- While the long term up trend is still in place we are entering into a small normal correction here so far.
- With the 100 day ema being lost the next long term support level is the 150 day ema from the last bounce.
- The best oscillator I have seen to watch for index swing trades on daily time frames is the 14 period RSI. Over the past four years after a cross below the 30 RSI of the $SPX on the daily chart has been a winning trade on the bull side with a long bias in short term time frames. This is a key area for shorts to cover, swing traders to go long, and dip buyers to buy.
- Next week the probabilities are that at some point the $SPX touches the 5 day ema as it is currently very overextended and the ‘rubberband’ of price only stretches so far on equity indexes.

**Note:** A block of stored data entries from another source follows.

lemma gronwall_linear:
  fixes F F' :: "real \<Rightarrow> real"
  assumes "A > 0"
    and deriv: "\<And>x. x \<in> {a..b} \<Longrightarrow> (F has_real_derivative F' x) (at x within {a..b})"
    and growth: "\<And>x. x \<in> {a..b} \<Longrightarrow> F' x \<le> A * F x + B"
    and "x \<in> {a..b}"
  shows "F x + B / A \<le> (F a + B / A) * exp (A * (x - a))"
proof -
  define G where "G y = (F y + B / A) * exp (- A * y)" for y
  have G_deriv: "(G has_real_derivative (F' y - (A * F y + B)) * exp (- A * y)) (at y within {a..b})"
    if "y \<in> {a..b}" for y
    unfolding G_def using \<open>A > 0\<close> by (auto intro!: derivative_eq_intros deriv[OF that] simp: field_simps)
  have "G x \<le> G a"
    using \<open>x \<in> {a..b}\<close> growth
    by (intro DERIV_nonpos_imp_decreasing_within[OF _ _ G_deriv]) (auto simp: mult_nonpos_nonneg)
  then have "(F x + B / A) * exp (- A * x) \<le> (F a + B / A) * exp (- A * a)"
    unfolding G_def .
  then have "(F x + B / A) * exp (- A * x) * exp (A * x) \<le> (F a + B / A) * exp (- A * a) * exp (A * x)"
    by (rule mult_right_mono) simp
  then show ?thesis
    by (simp add: mult.assoc exp_add[symmetric] algebra_simps)
qed

lemma gronwall_linear_backward:
  fixes F F' :: "real \<Rightarrow> real"
  assumes deriv: "\<And>x. x \<in> {a..b} \<Longrightarrow> (F has_real_derivative F' x) (at x within {a..b})"
    and growth: "\<And>x. x \<in> {a..b} \<Longrightarrow> - A * F x \<le> F' x"
    and "x \<in> {a..b}"
  shows "F x \<le> F b * exp (A * (b - x))"
proof -
  define G where "G y = - F y * exp (A * y)" for y
  have G_deriv: "(G has_real_derivative (- A * F y - F' y) * exp (A * y)) (at y within {a..b})"
    if "y \<in> {a..b}" for y
    unfolding G_def by (auto intro!: derivative_eq_intros deriv[OF that] simp: algebra_simps)
  have "G b \<le> G x"
    using \<open>x \<in> {a..b}\<close> growth
    by (intro DERIV_nonpos_imp_decreasing_within[OF _ _ G_deriv]) (auto simp: mult_nonpos_nonneg)
  then have "F x * exp (A * x) \<le> F b * exp (A * b)"
    unfolding G_def by simp
  then have "F x * exp (A * x) * exp (- (A * x)) \<le> F b * exp (A * b) * exp (- (A * x))"
    by (intro mult_right_mono) auto
  then show ?thesis
    by (simp add: mult.assoc exp_add[symmetric] algebra_simps)
qed

lemma has_real_derivative_seq_limit:
  fixes f f' :: "nat \<Rightarrow> real \<Rightarrow> real"
  assumes "convex S"
    and deriv: "\<And>n x. x \<in> S \<Longrightarrow> (f n has_real_derivative f' n x) (at x within S)"
    and lim: "\<And>x. x \<in> S \<Longrightarrow> (\<lambda>n. f n x) \<longlonglongrightarrow> F x"
    and uniform: "\<And>n x. x \<in> S \<Longrightarrow> \<bar>f' n x - G x\<bar> \<le> r n"
    and "r \<longlonglongrightarrow> 0" and "x \<in> S"
  shows "(F has_real_derivative G x) (at x within S)"
proof -
  have near: "\<forall>\<^sub>F n in sequentially. \<forall>y\<in>S. \<forall>h. norm (f' n y * h - G y * h) \<le> e * norm h"
    if "e > 0" for e :: real
    using order_tendstoD(2)[OF \<open>r \<longlonglongrightarrow> 0\<close> \<open>e > 0\<close>]
  proof (rule eventually_mono, intro ballI allI)
    fix n y h assume "r n < e" "y \<in> S"
    have "norm (f' n y * h - G y * h) = \<bar>f' n y - G y\<bar> * \<bar>h\<bar>"
      by (simp add: abs_mult[symmetric] left_diff_distrib)
    also have "\<dots> \<le> e * \<bar>h\<bar>"
      using uniform[OF \<open>y \<in> S\<close>, of n] \<open>r n < e\<close> by (intro mult_right_mono) auto
    finally show "norm (f' n y * h - G y * h) \<le> e * norm h" by simp
  qed
  have "\<exists>g. \<forall>y\<in>S. (\<lambda>n. f n y) \<longlonglongrightarrow> g y \<and> (g has_derivative (\<lambda>h. G y * h)) (at y within S)"
    by (rule has_derivative_sequence[where f=f and f'="\<lambda>n y h. f' n y * h" and g'="\<lambda>y h. G y * h",
          OF \<open>convex S\<close> _ near \<open>x \<in> S\<close> lim[OF \<open>x \<in> S\<close>]])
      (use deriv in \<open>simp add: has_field_derivative_def\<close>)
  then obtain g where g: "\<forall>y\<in>S. (\<lambda>n. f n y) \<longlonglongrightarrow> g y \<and> (g has_derivative (*) (G y)) (at y within S)"
    by auto
  have "g y = F y" if "y \<in> S" for y
    using g lim that LIMSEQ_unique by blast
  then show ?thesis
    using g \<open>x \<in> S\<close> unfolding has_field_derivative_def
    by (metis has_derivative_transform)
qed

lemma convergent_if_sq_dist_le:
  fixes g e :: "nat \<Rightarrow> real"
  assumes "e \<longlonglongrightarrow> L" and dist: "\<And>n k. (g n - g k)\<^sup>2 \<le> K * \<bar>e n - e k\<bar>"
  shows "g \<longlonglongrightarrow> lim g" and "(g n - lim g)\<^sup>2 \<le> K * \<bar>e n - L\<bar>"
proof -
  have "Cauchy g"
  proof (rule metric_CauchyI)
    fix \<epsilon> :: real assume "\<epsilon> > 0"
    have "\<epsilon>\<^sup>2 / (\<bar>K\<bar> + 1) > 0" using \<open>\<epsilon> > 0\<close> by simp
    then obtain N where N: "\<And>n k. n \<ge> N \<Longrightarrow> k \<ge> N \<Longrightarrow> \<bar>e n - e k\<bar> < \<epsilon>\<^sup>2 / (\<bar>K\<bar> + 1)"
      using CauchyD[OF LIMSEQ_imp_Cauchy[OF \<open>e \<longlonglongrightarrow> L\<close>]] by (metis real_norm_def)
    have "dist (g n) (g k) < \<epsilon>" if "n \<ge> N" "k \<ge> N" for n k
    proof -
      have "\<bar>K\<bar> * \<bar>e n - e k\<bar> \<le> \<bar>K\<bar> * (\<epsilon>\<^sup>2 / (\<bar>K\<bar> + 1))"
        using N[OF that] by (intro mult_left_mono) auto
      also have "\<dots> < \<epsilon>\<^sup>2"
        using \<open>\<epsilon> > 0\<close> by (simp add: field_simps)
      finally have "\<bar>g n - g k\<bar>\<^sup>2 < \<epsilon>\<^sup>2"
        using dist[of n k] abs_ge_self[of K] mult_right_mono[of K "\<bar>K\<bar>" "\<bar>e n - e k\<bar>"] by simp
      then show ?thesis
        using \<open>\<epsilon> > 0\<close> power_less_imp_less_base[of "\<bar>g n - g k\<bar>" 2 \<epsilon>]
        by (simp add: dist_real_def)
    qed
    then show "\<exists>N. \<forall>n\<ge>N. \<forall>k\<ge>N. dist (g n) (g k) < \<epsilon>" by blast
  qed
  then show lim: "g \<longlonglongrightarrow> lim g"
    using Cauchy_convergent_iff convergent_LIMSEQ_iff by blast
  show "(g n - lim g)\<^sup>2 \<le> K * \<bar>e n - L\<bar>"
    by (rule LIMSEQ_le[of "\<lambda>k. (g n - g k)\<^sup>2" _ "\<lambda>k. K * \<bar>e n - e k\<bar>"])
      (use dist in \<open>auto intro!: tendsto_intros lim \<open>e \<longlonglongrightarrow> L\<close>\<close>)
qed

lemma tendsto_if_abs_diff_le:
  fixes g r :: "nat \<Rightarrow> real"
  assumes "\<And>n. \<bar>g n - G\<bar> \<le> r n" and "r \<longlonglongrightarrow> 0"
  shows "g \<longlonglongrightarrow> G"
  using Lim_null_comparison[of "\<lambda>n. g n - G" r] assms by (simp add: LIM_zero_cancel)

lemma abs_mult_diff_mult_le:
  fixes a b c d :: real
  assumes "\<bar>a\<bar> \<le> B" and "\<bar>a - b\<bar> \<le> r"
  shows "\<bar>c * a - d * b\<bar> \<le> \<bar>c - d\<bar> * B + \<bar>d\<bar> * r"
proof -
  have "\<bar>c * a - d * b\<bar> = \<bar>(c - d) * a + d * (a - b)\<bar>"
    by (simp add: algebra_simps)
  also have "\<dots> \<le> \<bar>c - d\<bar> * \<bar>a\<bar> + \<bar>d\<bar> * \<bar>a - b\<bar>"
    by (metis abs_mult abs_triangle_ineq)
  also have "\<dots> \<le> \<bar>c - d\<bar> * B + \<bar>d\<bar> * r"
    using assms by (intro add_mono mult_left_mono) auto
  finally show ?thesis .
qed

- Down trends in equity indexes are not as smooth as they are in individual equities or commodities because as a whole down moves in equities as an asset class is fighting against the historical consistent uptrend. Down trends and even bear markets are interrupted a lot by rallies back to key resistance levels and reversions to the near term means like key short term moving averages.
- Short covering is a big driver of rallies after a sell off so momentum back up and gap ups at the open can trigger shorts buying back and covering. Short covering rallies generally have a lot of surprising momentum.
- Seasonally April is a strong month for stocks before the old “Sell in May and go away” begins.
- If the 150 day ema is breached and we have an outlying plunge outside of the norm then 1780 and 1740 have pockets of support.
- I am looking to trade much smaller here than usual with the increase in volatility and the changing nature of this market.
- I am looking to tighten my time frames to lock in nice profits that are given on the short or long side.
- The 5 day ema and the 50 day sma are areas to watch for to see if they are now resistance levels if we are in a down trend these levels will likely be sold into.
- Momentum stocks are out of favor and $XLP and $XLU are new hiding place for money managers that are holding equities.